> INPUT RECORDS:
section \<open>Theta-routing\<close>

text \<open>By general position the neighbour of x in a non-empty cone is well defined: it lies in P,
  in that cone, and has minimal projection onto the bisector.\<close>
lemma nbr_props:
  assumes P: "finite P" "general_position m P" and i: "i < m" and t: "t \<in> P" "in_cone m x i t"
  shows "nbr P m x i \<in> P" "in_cone m x i (nbr P m x i)"
    "proj_len m x i (nbr P m x i) \<le> proj_len m x i t"
proof -
  define S where "S = {v \<in> P. in_cone m x i v}"
  have S: "finite S" "t \<in> S" using P t by (simp_all add: S_def)
  obtain v0 where v0: "v0 \<in> S" "Min (proj_len m x i ` S) = proj_len m x i v0"
    using obtains_MIN[OF S(1), of "proj_len m x i"] S(2) by blast
  have v0_min: "proj_len m x i v0 \<le> proj_len m x i w" if "w \<in> S" for w
  proof -
    have "Min (proj_len m x i ` S) \<le> proj_len m x i w" using S(1) that by (intro Min_le) auto
    thus ?thesis using v0(2) by simp
  qed
  let ?nearest = "\<lambda>v. v \<in> P \<and> in_cone m x i v
                   \<and> (\<forall>w\<in>P. in_cone m x i w \<longrightarrow> proj_len m x i v \<le> proj_len m x i w)"
  have "?nearest v0" using v0(1) v0_min by (auto simp: S_def)
  moreover have "v = v0" if "?nearest v" for v
  proof (rule ccontr)
    assume "v \<noteq> v0"
    have "proj_len m x i v = proj_len m x i v0" using that \<open>?nearest v0\<close> by (meson order_antisym)
    hence "(v - v0) \<bullet> dir (real i * cone_angle m) = 0" by (simp add: proj_len_def inner_diff_left)
    moreover have "v \<in> P" "v0 \<in> P" using that \<open>?nearest v0\<close> by auto
    ultimately show False using P(2) i \<open>v \<noteq> v0\<close> unfolding general_position_def by blast
  qed
  ultimately have "?nearest (nbr P m x i)" unfolding nbr_def by (rule theI)
  thus "nbr P m x i \<in> P" "in_cone m x i (nbr P m x i)"
    "proj_len m x i (nbr P m x i) \<le> proj_len m x i t" using t by auto
qed

lemma (in odd_cone_family) route_step_decreases:
  assumes P: "finite P" "general_position m P" and "x \<in> P" "t \<in> P" "x \<noteq> t"
  shows "route_step P m t x \<in> P" "route_step P m t x \<noteq> x"
    "dist x (route_step P m t x) + potential m (route_step P m t x) t \<le> potential m x t"
proof -
  have "route_step P m t x \<in> P \<and> route_step P m t x \<noteq> x \<and>
    dist x (route_step P m t x) + potential m (route_step P m t x) t \<le> potential m x t"
  proof (cases "theta_edge P m x t")
    case True
    thus ?thesis using assms potential_bounds(1)[of x t] by (simp add: route_step_def)
  next
    case False
    define i where "i = cone_idx m x t"
    have i: "i < m" "in_cone m x i t" using cone_idx[OF m_pos] assms(5) unfolding i_def by auto
    note nb = nbr_props[OF P i(1) assms(4) i(2)]
    have "route_step P m t x = nbr P m x i" using False assms(5) by (simp add: route_step_def i_def)
    moreover have "nbr P m x i \<noteq> x" using in_cone_neq[OF nb(2)] .
    ultimately show ?thesis using nb potential_step[OF i(2,1) nb(2,3)] by simp
  qed
  thus "route_step P m t x \<in> P" "route_step P m t x \<noteq> x"
    "dist x (route_step P m t x) + potential m (route_step P m t x) t \<le> potential m x t" by auto
qed

lemma potential_descent:
  fixes f :: "'a::metric_space \<Rightarrow> 'a" and \<Phi> :: "'a \<Rightarrow> real"
  assumes "finite S" "u \<in> S" "t \<in> S" "f t = t" "\<Phi> t = 0"
    and step: "\<And>x. x \<in> S \<Longrightarrow> x \<noteq> t \<Longrightarrow> f x \<in> S \<and> f x \<noteq> x \<and> dist x (f x) + \<Phi> (f x) \<le> \<Phi> x"
  shows "\<exists>n. (f ^^ n) u = t \<and> (\<Sum>j<n. dist ((f ^^ j) u) ((f ^^ Suc j) u)) \<le> \<Phi> u"
proof -
  define x where "x j = (f ^^ j) u" for j
  have x_Suc: "x (Suc j) = f (x j)" for j by (simp add: x_def)
  have inv: "x n \<in> S \<and> (\<Sum>j<n. dist (x j) (x (Suc j))) + \<Phi> (x n) \<le> \<Phi> u" for n
  proof (induction n)
    case 0 thus ?case using assms(2) by (simp add: x_def)
  next
    case (Suc n)
    show ?case
    proof (cases "x n = t")
      case True thus ?thesis using Suc assms(3,4) by (simp add: x_Suc)
    next
      case False thus ?thesis using Suc step[of "x n"] by (simp add: x_Suc)
    qed
  qed
  have "\<exists>n. x n = t"
  proof (rule ccontr)
    assume never: "\<nexists>n. x n = t"
    have "- \<Phi> (x n) < - \<Phi> (x (Suc n))" for n
    proof -
      have "x (Suc n) \<noteq> x n" "dist (x n) (x (Suc n)) + \<Phi> (x (Suc n)) \<le> \<Phi> (x n)"
        using step[of "x n"] inv[of n] never by (auto simp: x_Suc)
      moreover have "0 < dist (x n) (x (Suc n))" using calculation(1) by simp
      ultimately show ?thesis by linarith
    qed
    hence "strict_mono ((\<lambda>y. - \<Phi> y) \<circ> x)" by (simp add: strict_mono_Suc_iff)
    hence inj: "inj x" by (rule inj_on_imageI2[OF strict_mono_imp_inj_on])
    have "range x \<subseteq> S" using inv by auto
    hence "finite (range x)" using assms(1) by (rule finite_subset)
    thus False using finite_imageD[OF _ inj] by simp
  qed
  then obtain n where "x n = t" by blast
  thus ?thesis using inv[of n] assms(5) by (auto simp: x_def)
qed

theorem mainTheorem14:
  fixes k m :: nat and P :: "point set" and u w :: point
  assumes "k \<ge> 1" and "m = 4 * k + 3 \<or> m = 4 * k + 5"
    and "finite P" and "general_position m P" and "u \<in> P" and "w \<in> P"
  shows "\<exists>n. route_seq P m u w n = w \<and>
           route_len P m u w n \<le>
             (1 + 2 * sin (cone_angle m / 2) * cos (cone_angle m / 4)
                  / (cos (cone_angle m / 2) - sin (3 * cone_angle m / 4))) * dist u w"
proof -
  interpret odd_cone_family m k using assms(1,2) by unfold_locales auto
  have "\<exists>n. (route_step P m w ^^ n) u = w \<and>
          (\<Sum>j<n. dist ((route_step P m w ^^ j) u) ((route_step P m w ^^ Suc j) u))
            \<le> potential m u w"
  proof (rule potential_descent[where \<Phi> = "\<lambda>x. potential m x w"])
    show "route_step P m w w = w" by (simp add: route_step_def)
    show "\<And>x. x \<in> P \<Longrightarrow> x \<noteq> w \<Longrightarrow> route_step P m w x \<in> P \<and> route_step P m w x \<noteq> x
            \<and> dist x (route_step P m w x) + potential m (route_step P m w x) w \<le> potential m x w"
      using route_step_decreases[OF assms(3,4) _ assms(6)] by blast
  qed (use assms(3,5,6) in simp_all)
  then obtain n where "route_seq P m u w n = w" "route_len P m u w n \<le> potential m u w"
    unfolding route_seq_def route_len_def by blast
  moreover have "potential m u w \<le> (cos (2 * \<alpha>) + sin \<alpha>) / weight_denom m * dist u w"
    by (rule potential_bounds(2))
  ultimately show ?thesis unfolding stretch_factor_eq by auto
qed

end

> ASSIGNMENT:
Retype the material in full, character for character.

> ANSWER TO THIS PROBLEM:
section \<open>Theta-routing\<close>

text \<open>By general position the neighbour of x in a non-empty cone is well defined: it lies in P,
  in that cone, and has minimal projection onto the bisector.\<close>
lemma nbr_props:
  assumes P: "finite P" "general_position m P" and i: "i < m" and t: "t \<in> P" "in_cone m x i t"
  shows "nbr P m x i \<in> P" "in_cone m x i (nbr P m x i)"
    "proj_len m x i (nbr P m x i) \<le> proj_len m x i t"
proof -
  define S where "S = {v \<in> P. in_cone m x i v}"
  have S: "finite S" "t \<in> S" using P t by (simp_all add: S_def)
  obtain v0 where v0: "v0 \<in> S" "Min (proj_len m x i ` S) = proj_len m x i v0"
    using obtains_MIN[OF S(1), of "proj_len m x i"] S(2) by blast
  have v0_min: "proj_len m x i v0 \<le> proj_len m x i w" if "w \<in> S" for w
  proof -
    have "Min (proj_len m x i ` S) \<le> proj_len m x i w" using S(1) that by (intro Min_le) auto
    thus ?thesis using v0(2) by simp
  qed
  let ?nearest = "\<lambda>v. v \<in> P \<and> in_cone m x i v
                   \<and> (\<forall>w\<in>P. in_cone m x i w \<longrightarrow> proj_len m x i v \<le> proj_len m x i w)"
  have "?nearest v0" using v0(1) v0_min by (auto simp: S_def)
  moreover have "v = v0" if "?nearest v" for v
  proof (rule ccontr)
    assume "v \<noteq> v0"
    have "proj_len m x i v = proj_len m x i v0" using that \<open>?nearest v0\<close> by (meson order_antisym)
    hence "(v - v0) \<bullet> dir (real i * cone_angle m) = 0" by (simp add: proj_len_def inner_diff_left)
    moreover have "v \<in> P" "v0 \<in> P" using that \<open>?nearest v0\<close> by auto
    ultimately show False using P(2) i \<open>v \<noteq> v0\<close> unfolding general_position_def by blast
  qed
  ultimately have "?nearest (nbr P m x i)" unfolding nbr_def by (rule theI)
  thus "nbr P m x i \<in> P" "in_cone m x i (nbr P m x i)"
    "proj_len m x i (nbr P m x i) \<le> proj_len m x i t" using t by auto
qed

lemma (in odd_cone_family) route_step_decreases:
  assumes P: "finite P" "general_position m P" and "x \<in> P" "t \<in> P" "x \<noteq> t"
  shows "route_step P m t x \<in> P" "route_step P m t x \<noteq> x"
    "dist x (route_step P m t x) + potential m (route_step P m t x) t \<le> potential m x t"
proof -
  have "route_step P m t x \<in> P \<and> route_step P m t x \<noteq> x \<and>
    dist x (route_step P m t x) + potential m (route_step P m t x) t \<le> potential m x t"
  proof (cases "theta_edge P m x t")
    case True
    thus ?thesis using assms potential_bounds(1)[of x t] by (simp add: route_step_def)
  next
    case False
    define i where "i = cone_idx m x t"
    have i: "i < m" "in_cone m x i t" using cone_idx[OF m_pos] assms(5) unfolding i_def by auto
    note nb = nbr_props[OF P i(1) assms(4) i(2)]
    have "route_step P m t x = nbr P m x i" using False assms(5) by (simp add: route_step_def i_def)
    moreover have "nbr P m x i \<noteq> x" using in_cone_neq[OF nb(2)] .
    ultimately show ?thesis using nb potential_step[OF i(2,1) nb(2,3)] by simp
  qed
  thus "route_step P m t x \<in> P" "route_step P m t x \<noteq> x"
    "dist x (route_step P m t x) + potential m (route_step P m t x) t \<le> potential m x t" by auto
qed

lemma potential_descent:
  fixes f :: "'a::metric_space \<Rightarrow> 'a" and \<Phi> :: "'a \<Rightarrow> real"
  assumes "finite S" "u \<in> S" "t \<in> S" "f t = t" "\<Phi> t = 0"
    and step: "\<And>x. x \<in> S \<Longrightarrow> x \<noteq> t \<Longrightarrow> f x \<in> S \<and> f x \<noteq> x \<and> dist x (f x) + \<Phi> (f x) \<le> \<Phi> x"
  shows "\<exists>n. (f ^^ n) u = t \<and> (\<Sum>j<n. dist ((f ^^ j) u) ((f ^^ Suc j) u)) \<le> \<Phi> u"
proof -
  define x where "x j = (f ^^ j) u" for j
  have x_Suc: "x (Suc j) = f (x j)" for j by (simp add: x_def)
  have inv: "x n \<in> S \<and> (\<Sum>j<n. dist (x j) (x (Suc j))) + \<Phi> (x n) \<le> \<Phi> u" for n
  proof (induction n)
    case 0 thus ?case using assms(2) by (simp add: x_def)
  next
    case (Suc n)
    show ?case
    proof (cases "x n = t")
      case True thus ?thesis using Suc assms(3,4) by (simp add: x_Suc)
    next
      case False thus ?thesis using Suc step[of "x n"] by (simp add: x_Suc)
    qed
  qed
  have "\<exists>n. x n = t"
  proof (rule ccontr)
    assume never: "\<nexists>n. x n = t"
    have "- \<Phi> (x n) < - \<Phi> (x (Suc n))" for n
    proof -
      have "x (Suc n) \<noteq> x n" "dist (x n) (x (Suc n)) + \<Phi> (x (Suc n)) \<le> \<Phi> (x n)"
        using step[of "x n"] inv[of n] never by (auto simp: x_Suc)
      moreover have "0 < dist (x n) (x (Suc n))" using calculation(1) by simp
      ultimately show ?thesis by linarith
    qed
    hence "strict_mono ((\<lambda>y. - \<Phi> y) \<circ> x)" by (simp add: strict_mono_Suc_iff)
    hence inj: "inj x" by (rule inj_on_imageI2[OF strict_mono_imp_inj_on])
    have "range x \<subseteq> S" using inv by auto
    hence "finite (range x)" using assms(1) by (rule finite_subset)
    thus False using finite_imageD[OF _ inj] by simp
  qed
  then obtain n where "x n = t" by blast
  thus ?thesis using inv[of n] assms(5) by (auto simp: x_def)
qed

theorem mainTheorem14:
  fixes k m :: nat and P :: "point set" and u w :: point
  assumes "k \<ge> 1" and "m = 4 * k + 3 \<or> m = 4 * k + 5"
    and "finite P" and "general_position m P" and "u \<in> P" and "w \<in> P"
  shows "\<exists>n. route_seq P m u w n = w \<and>
           route_len P m u w n \<le>
             (1 + 2 * sin (cone_angle m / 2) * cos (cone_angle m / 4)
                  / (cos (cone_angle m / 2) - sin (3 * cone_angle m / 4))) * dist u w"
proof -
  interpret odd_cone_family m k using assms(1,2) by unfold_locales auto
  have "\<exists>n. (route_step P m w ^^ n) u = w \<and>
          (\<Sum>j<n. dist ((route_step P m w ^^ j) u) ((route_step P m w ^^ Suc j) u))
            \<le> potential m u w"
  proof (rule potential_descent[where \<Phi> = "\<lambda>x. potential m x w"])
    show "route_step P m w w = w" by (simp add: route_step_def)
    show "\<And>x. x \<in> P \<Longrightarrow> x \<noteq> w \<Longrightarrow> route_step P m w x \<in> P \<and> route_step P m w x \<noteq> x
            \<and> dist x (route_step P m w x) + potential m (route_step P m w x) w \<le> potential m x w"
      using route_step_decreases[OF assms(3,4) _ assms(6)] by blast
  qed (use assms(3,5,6) in simp_all)
  then obtain n where "route_seq P m u w n = w" "route_len P m u w n \<le> potential m u w"
    unfolding route_seq_def route_len_def by blast
  moreover have "potential m u w \<le> (cos (2 * \<alpha>) + sin \<alpha>) / weight_denom m * dist u w"
    by (rule potential_bounds(2))
  ultimately show ?thesis unfolding stretch_factor_eq by auto
qed

end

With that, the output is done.